Figure 4 shows the effects of adding notch filtering on the maximum M wave amplitude for paretic and contralateral muscles across all stroke subjects. The maximum M wave amplitude was significantly reduced by the notch filtering for both muscles. As Figure 4a indicates, across paretic muscles, the maximum M wave amplitude was 7.8 ± 1.9 mV (range: 3.9-10.2 mV) for notch filtering on and 9.9 ± 2.5 mV (range: 5.0-13.8 mV) for notch filtering off (p < 0.001); across contralateral muscles, the maximum M wave amplitude was 9.7 ± 1.7 mV (range: 6.2-12.3 mV) for notch filtering on and 13.0 ± 2.2 mV (range: 9.8-16.2 mV) for notch filtering off (p < 0.001). Figure 4b shows the ratio of the maximum M wave amplitude in the presence and absence of the notch filtering, respectively, when the paretic muscles were compared with the contralateral ones (i.e. maximum M wave of paretic muscles divided by maximum M wave of contralateral muscles). It was observed that notch filtering does not have significant effects on the paretic-contralateral M wave ratio.

Figure 4
figure 4

(a) Bar plots showing the maximum M wave amplitude in presence and absence of notch filtering for paretic and contralateral muscles; (b) A comparison of the maximum M wave amplitude ratios of paretic to contralateral muscles in presence and absence of notch filtering. "*" indicates significant difference (p < 0.001).

For all the stroke subjects, exponential regression analysis in Equation 2 showed a good fitting for the relationship between SIP area and ICMUC. Figure 5 shows the effects of notch filtering on the MUNIX for paretic and contralateral muscles across all stroke subjects. Similar to findings in maximum M wave amplitude, the MUNIX was significantly decreased by the notch filtering for both muscles. Across paretic muscles, the MUNIX was 126 ± 35 (range: 56-179) for notch filtering on and 158 ± 49 (range: 74-264) for notch filtering off (p < 0.001); across contralateral muscles, the MUNIX was 158 ± 35 (range: 92-221) for notch filtering on and 204 ± 47 (range: 113-273) for notch filtering off (p < 0.001) (Figure 5a). Figure 5b shows the MUNIX ratio in the presence and absence of the notch filtering, respectively, when the paretic muscles were compared with the contralateral ones (i.e. MUNIX of paretic muscles divided by MUNIX of contralateral muscles). It was observed that notch filtering does not have significant effects on the paretic-contralateral MUNIX ratio.

Figure 5
figure 5

(a) Bar plots showing the MUNIX values in presence and absence of notch filtering for paretic and contralateral muscles; (b) A comparison of the MUNIX ratios of paretic to contralateral muscles in presence and absence of notch filtering. "*" indicates significant difference (p < 0.001).
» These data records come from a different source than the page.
lemma ground_level_neg:
  assumes "ereal (3 / \<mu>^2) < GN_const G" and "0 < \<mu>"
  shows "ground_level G \<mu> < 0"
proof -
  obtain u g where H: "H1 G u g" "0 < L2sq G u"
    and GN: "3 / \<mu>^2 < L6pow G u / ((L2sq G u)^2 * L2sq G g)"
    using assms(1) unfolding GN_const_def less_SUP_iff by auto
  define m where "m = L2sq G u"
  have "0 < L2sq G g"
    using GN L2sq_nonneg [of G g] assms(2) by (cases "L2sq G g = 0") auto
  with GN have GN': "3 * m^2 * L2sq G g < \<mu>^2 * L6pow G u"
    using H(2) assms(2) unfolding m_def by (simp add: field_simps)
  define s where "s = sqrt (\<mu> / m)"
  have s2: "s^2 = \<mu> / m"
    using H(2) assms(2) unfolding s_def m_def by simp
  have "s^6 = (s^2)^3" by (simp flip: power_mult)
  with s2 have s6: "s^6 = (\<mu> / m)^3" by simp
  have "L2sq G (\<lambda>k x. s * u k x) = \<mu>"
    using H(2) unfolding L2sq_scale s2 m_def by simp
  then have "ground_level G \<mu> \<le> ereal (energy G (\<lambda>k x. s * u k x) (\<lambda>k x. s * g k x))"
    by (rule ground_level_le_energy [OF H1_scale [OF H(1)]])
  also have "energy G (\<lambda>k x. s * u k x) (\<lambda>k x. s * g k x)
      = (\<mu> / m) * (3 * m^2 * L2sq G g - \<mu>^2 * L6pow G u) / (6 * m^2)"
    unfolding energy_def L2sq_scale L6pow_scale s2 s6
    using H(2) by (simp add: m_def field_simps power2_eq_square power3_eq_cube)
  also have "ereal \<dots> < 0"
    using GN' H(2) assms(2) unfolding m_def by (simp add: divide_neg_pos mult_pos_neg)
  finally show ?thesis .
qed

definition trunc_soliton_energy :: "real \<Rightarrow> real \<Rightarrow> real" where
  "trunc_soliton_energy \<mu> T = \<mu> * trunc_soliton'_L2sq T / (2 * trunc_soliton_L2sq T)
     - \<mu>^3 * trunc_soliton_L6pow T / (6 * (trunc_soliton_L2sq T)^3)"

lemma ground_level_le_trunc_soliton_energy:
  assumes "noncompact_mgraph G" and "0 < \<mu>" and "0 < T" and "0 < trunc_soliton_L2sq T" and "0 < l"
  shows "ground_level G \<mu> \<le> ereal (l^2 * trunc_soliton_energy \<mu> T)"
proof -
  obtain j where j: "j < n_half G"
    using assms(1) unfolding noncompact_mgraph_def by blast
  define a where "a = sqrt (\<mu> * l / trunc_soliton_L2sq T)"
  have a2: "a^2 = \<mu> * l / trunc_soliton_L2sq T"
    using assms unfolding a_def by simp
  have "a^6 = (a^2)^3" by (simp flip: power_mult)
  with a2 have a6: "a^6 = (\<mu> * l / trunc_soliton_L2sq T)^3" by simp
  obtain u g where "H1 G u g" and u: "L2sq G u = a^2 * trunc_soliton_L2sq T / l"
    "L2sq G g = a^2 * l * trunc_soliton'_L2sq T" "L6pow G u = a^6 * trunc_soliton_L6pow T / l"
    using trunc_soliton_test_function [OF assms(3,5) j] by blast
  moreover have "L2sq G u = \<mu>"
    using assms unfolding u a2 by simp
  moreover have "energy G u g = l^2 * trunc_soliton_energy \<mu> T"
    unfolding energy_def trunc_soliton_energy_def u a2 a6
    using assms by (simp add: field_simps power2_eq_square power3_eq_cube)
  ultimately show ?thesis
    using ground_level_le_energy by metis
qed

lemma ground_level_le_0:
  assumes "noncompact_mgraph G" and "0 < \<mu>"
  shows "ground_level G \<mu> \<le> 0"
proof -
  obtain T where T: "0 < T" "0 < trunc_soliton_L2sq T"
    using eventually_happens' [OF trivial_limit_at_top_linorder eventually_trunc_soliton_integrals_pos]
    by blast
  have "((\<lambda>l. ereal (l^2 * trunc_soliton_energy \<mu> T)) \<longlongrightarrow> ereal 0) (at_right 0)"
    by (intro tendsto_eq_intros) auto
  moreover have "eventually (\<lambda>l. ground_level G \<mu> \<le> ereal (l^2 * trunc_soliton_energy \<mu> T)) (at_right 0)"
    using eventually_at_right_less [of "0::real"]
    by eventually_elim (rule ground_level_le_trunc_soliton_energy [OF assms T])
  ultimately have "ground_level G \<mu> \<le> ereal 0"
    by (rule tendsto_lowerbound [OF _ _ trivial_limit_at_right_real])
  then show ?thesis by (simp add: zero_ereal_def)
qed
lemma anchored_step_New:
  assumes "anchored b B r" and "E' B (New P q c k)"
  shows "anchored b (New P q c k) (\<not> r)"
proof (cases B)
  case (Old a)
  with assms show ?thesis by (cases q) auto
next
  case (New P' q' c' k')
  with assms show ?thesis by auto
qed

lemma anchored_exit_cases:
  assumes "anchored b B r" and "E' B (Old d)"
  shows "d = b \<and> b \<in> K \<and> r \<or> E b d \<and> b \<in> K \<and> d \<in> K \<and> \<not> r \<or> gadget E XB XC Bs (Upair b d) (\<not> r)"
proof (cases B)
  case (Old a)
  with assms show ?thesis by auto
next
  case (New P q c k)
  obtain x y where xy: "rep P = (x, y)" by (cases "rep P") blast
  then have P: "P = Upair x y" using rep_Upair[of P] by simp
  from assms New have g: "gadget E XB XC Bs P q" by simp
  then have "x \<in> K" "y \<in> K" using gadget_ends[of x y q] P terminals_kept by auto
  moreover have "gadget E XB XC Bs (Upair y x) q" using g P by (metis Upair_inject)
  ultimately show ?thesis using assms New xy P g by (cases q) auto
qed

lemma anchored_exit:
  assumes "anchored b B r" and "E' B (Old d)"
  shows "\<exists>T. parity_walk V E b d (\<not> r) T \<and> T \<inter> K = {b, d}"
  using anchored_exit_cases[OF assms]
proof (elim disjE conjE)
  assume "d = b" "b \<in> K" "r"
  then show ?thesis using parity_walk_single[of b V E] by auto
next
  assume "E b d" "b \<in> K" "d \<in> K" "\<not> r"
  then show ?thesis using parity_walk_edge[of E b d V] by auto
next
  assume "gadget E XB XC Bs (Upair b d) (\<not> r)"
  then show ?thesis by (rule gadget_imp_parity_walk)
qed

(* The walk from Old a to B is lifted to a walk of G from a to the kept vertex b at which it
  last entered the gadget containing B (or to b itself if B = Old b). *)
definition backward_simulated :: "'a \<Rightarrow> 'a rvert \<Rightarrow> bool \<Rightarrow> 'a rvert set \<Rightarrow> bool" where
  "backward_simulated a B p S' \<longleftrightarrow>
    (\<exists>b q S r. parity_walk V E a b q S \<and> S \<inter> K = Old -` S' \<and> anchored b B r \<and> p = (q \<noteq> r))"

lemma backward_simulated_step_Old:
  assumes "backward_simulated a B p S'" and "E' B (Old d)"
  shows "backward_simulated a (Old d) (\<not> p) (insert (Old d) S')"
proof -
  obtain b q S r where st: "parity_walk V E a b q S" "S \<inter> K = Old -` S'" "anchored b B r"
    "p = (q \<noteq> r)"
    using assms(1) unfolding backward_simulated_def by blast
  obtain T where T: "parity_walk V E b d (\<not> r) T" "T \<inter> K = {b, d}"
    using anchored_exit[OF st(3) assms(2)] by blast
  have "b \<in> S \<inter> K" using parity_walk_vertices[OF st(1)] T(2) by blast
  then have "(S \<union> T) \<inter> K = insert d (S \<inter> K)" by (auto simp: Int_Un_distrib2 T(2))
  with st(2) have "(S \<union> T) \<inter> K = Old -` insert (Old d) S'" by auto
  with parity_walk_trans[OF st(1) T(1)] st(4) T(2) show ?thesis
    unfolding backward_simulated_def
    by (intro exI[of _ d] exI[of _ "q \<noteq> (\<not> r)"] exI[of _ "S \<union> T"] exI[of _ False]) auto
qed

lemma backward_simulated_step_New:
  assumes "backward_simulated a B p S'" and "E' B (New P q c k)"
  shows "backward_simulated a (New P q c k) (\<not> p) (insert (New P q c k) S')"
proof -
  obtain b q' S r where st: "parity_walk V E a b q' S" "S \<inter> K = Old -` S'" "anchored b B r"
    "p = (q' \<noteq> r)"
    using assms(1) unfolding backward_simulated_def by blast
  with anchored_step_New[OF st(3) assms(2)] show ?thesis
    unfolding backward_simulated_def
    by (intro exI[of _ b] exI[of _ q'] exI[of _ S] exI[of _ "\<not> r"]) auto
qed

lemma red_parity_walk_backward_simulated:
  "parity_walk V' E' A B p S' \<Longrightarrow> A = Old a \<Longrightarrow> a \<in> K \<Longrightarrow> backward_simulated a B p S'"
proof (induction rule: parity_walk.induct)
  case (parity_walk_single A)
  then have "parity_walk V E a a False {a}" by (intro parity_walk.parity_walk_single) simp
  with parity_walk_single show ?case
    unfolding backward_simulated_def
    by (intro exI[of _ a] exI[of _ False] exI[of _ "{a}"] exI[of _ False]) auto
next
  case (parity_walk_snoc A B p S' C)
  then have "backward_simulated a B p S'" by blast
  with parity_walk_snoc.hyps(2) show ?case
    by (cases C) (auto intro: backward_simulated_step_Old backward_simulated_step_New)
qed

lemma odd_closed_walk_meets_kept:
  assumes "proper_2col E XB f" and "parity_walk V E a a True S"
  shows "S \<inter> K \<noteq> {}"
proof
  assume "S \<inter> K = {}"
  then have "S \<subseteq> XB" using parity_walk_vertices[OF assms(2)] by blast
  with assms(1) have "proper_2col E S f" by (auto simp: proper_2col_def)
  with odd_closed_parity_walk_not_2col[OF assms(2)] show False by blast
qed

lemma red_odd_closed_walk_meets_kept:
  assumes "parity_walk V' E' A A True S'"
  shows "Old -` S' \<noteq> {}"
proof
  assume no_Old: "Old -` S' = {}"
  define level :: "'a rvert \<Rightarrow> bool" where
    "level x = (case x of Old _ \<Rightarrow> False | New _ _ _ k \<Rightarrow> k = 1)" for x
  have "proper_2col E' S' level"
    unfolding proper_2col_def
  proof (intro ballI impI)
    fix x y assume "x \<in> S'" "y \<in> S'" "E' x y"
    moreover obtain P q c k where "x = New P q c k" using \<open>x \<in> S'\<close> no_Old by (cases x) auto
    moreover obtain P' q' c' k' where "y = New P' q' c' k'" using \<open>y \<in> S'\<close> no_Old by (cases y) auto
    ultimately show "level x \<noteq> level y" by (auto simp: level_def)
  qed
  with odd_closed_parity_walk_not_2col[OF assms] show False by blast
qed

lemma odd_closed_walk_reduces:
  assumes "proper_2col E XB f" and "parity_walk V E a a True S"
  shows "\<exists>A S'. parity_walk V' E' A A True S' \<and> Old -` S' = S \<inter> K"
proof -
  obtain k where k: "k \<in> S" "k \<in> K" using odd_closed_walk_meets_kept[OF assms] by blast
  have "forward_simulated k k True S"
    using parity_walk_forward_simulated[OF parity_walk_rotate[OF assms(2) k(1)] k(2)] .
  then obtain c q S' ws where st: "parity_walk V' E' (Old k) (Old c) q S'" "Old -` S' = S \<inter> K"
    "set ws \<subseteq> XB - Bs" "last (c # ws) = k" "True = (q \<noteq> odd (length ws))"
    unfolding forward_simulated_def by blast
  have "ws = []"
    using st(3,4) k(2) last_in_set[of ws] by (cases "ws = []") auto
  with st show ?thesis by auto
qed
(* In the setting of the two-instance Bernoulli lower bound (instances $\mathcal P_1$: arms $\mathrm{Ber}(p_0),\mathrm{Ber}(p_0-\epsilon)$; $\mathcal P_2$: swapped; approx-oracle allocation $\tilde T_i^*=n\,\mathfrak c(q_i)^{1/\alpha}/(\mathfrak c(q_1)^{1/\alpha}+\mathfrak c(q_2)^{1/\alpha})$ with $q_i$ the parameter of arm $i$), take $p_0=3/4$ and $\epsilon=1/(4\sqrt n)$, and let $(\mathfrak c,\alpha)$ be any one of the following: (i) $\mathfrak c(p)=1-p^2-(1-p)^2$, $\alpha=1$ ($\ell_2^2$-distance); (ii) $\mathfrak c(p)=2\sqrt{p(1-p)}$, $\alpha=1/2$ ($\ell_1$-distance); (iii) $\mathfrak c(p)=\sqrt{1/p-1}+\sqrt{1/(1-p)-1}$, $\alpha=1/2$ (separation distance). Then there is an absolute constant $C>0$ such that for all $n\ge2$ and every adaptive allocation scheme with budget $n$, $$\max_{\mathcal P\in\{\mathcal P_1,\mathcal P_2\}}\ \max_{i\in\{1,2\}}\ \mathbb E_{\mathcal P}\big[|T_i-\tilde T_i^*|\big]\;\ge\;C\sqrt n .$$
   Context: An adaptive allocation scheme with budget $n$ selects at each round $t=1,\dots,n$ one of two arms based on the past selections and observations; the selected arm yields an independent Bernoulli draw with its parameter. $T_i$ is the total number of pulls of arm $i$ ($T_1+T_2=n$), and $\mathbb E_{\mathcal P}$ is expectation under instance $\mathcal P$. *)

theory Defs
  imports "HOL-Probability.Probability"
begin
In contradistinction to our observations on maximum M wave amplitude and MUNIX measurements across all our stroke subjects, we did not observe a significant influence of notch filtering on MUSIX values. As we illustrate in Figure 6, drawn from paretic muscles of stroke subjects, the MUSIX was 62.9 ± 8.9 μV (range: 51.9- 82.7 μV) with notch filtering on and 63.9 ± 9.9 μV (range: 49.8-84.8 μV) with notch filtering off (p > 0.2). For contralateral muscles, the MUSIX was 64.3 ± 10.5 μV (range: 47.8-84.8 μV) for notch filtering on and 64.6 ± 10.3 μV (range: 49.1-84.6 μV) for notch filtering off (p > 0.8). It is worth noting that with notch filtering on or off, MUSIX values did not show significant differences between paretic and contralateral muscles (p > 0.5).

Figure 6
figure 6

Bar plot showing MUSIX values in presence and absence of notch filtering for paretic and contralateral muscles of stroke subjects.

Discussion

Technical note

Considering that power line and harmonic noise are common during EMG recording, especially in a clinical environment with many medical or electrical supplies nearby, notch filtering is very often, if not routinely, used to suppress electromagnetic noise thus increasing the signal to noise ratio. Although earlier studies have investigated the influence of notch filtering and other electromagnetic noise suppression methods on EMG recording and other related measurements for voluntary muscle contractions [2–7], it remains unclear how such processing may alter the M wave parameters or related calculations. The present study used an experimental approach and performed a systematic examination of notch filtering effects on M wave and other relevant calculations. Our study shows that with the specific notch filter function of the EMG machine (Sierra Wave EMG system, Cadwell Lab Inc, Kennewick, WA, USA), on average the notch filtering can reduce up to more than 20% of the M wave amplitude. This could induce an average decrease in MUNIX measurement by approximately 18%. On the other hand, the notch filtering does not have significant effects on MUSIX measurement. In a previous study [22], we found relatively lower maximum M wave amplitudes for the FDI muscles when comparing with the reported values by other studies [23, 24]. The findings from the present study confirm that the notch filtering processing takes a significant part in generating such a difference, although some other factors (such as subject ages) may also contribute.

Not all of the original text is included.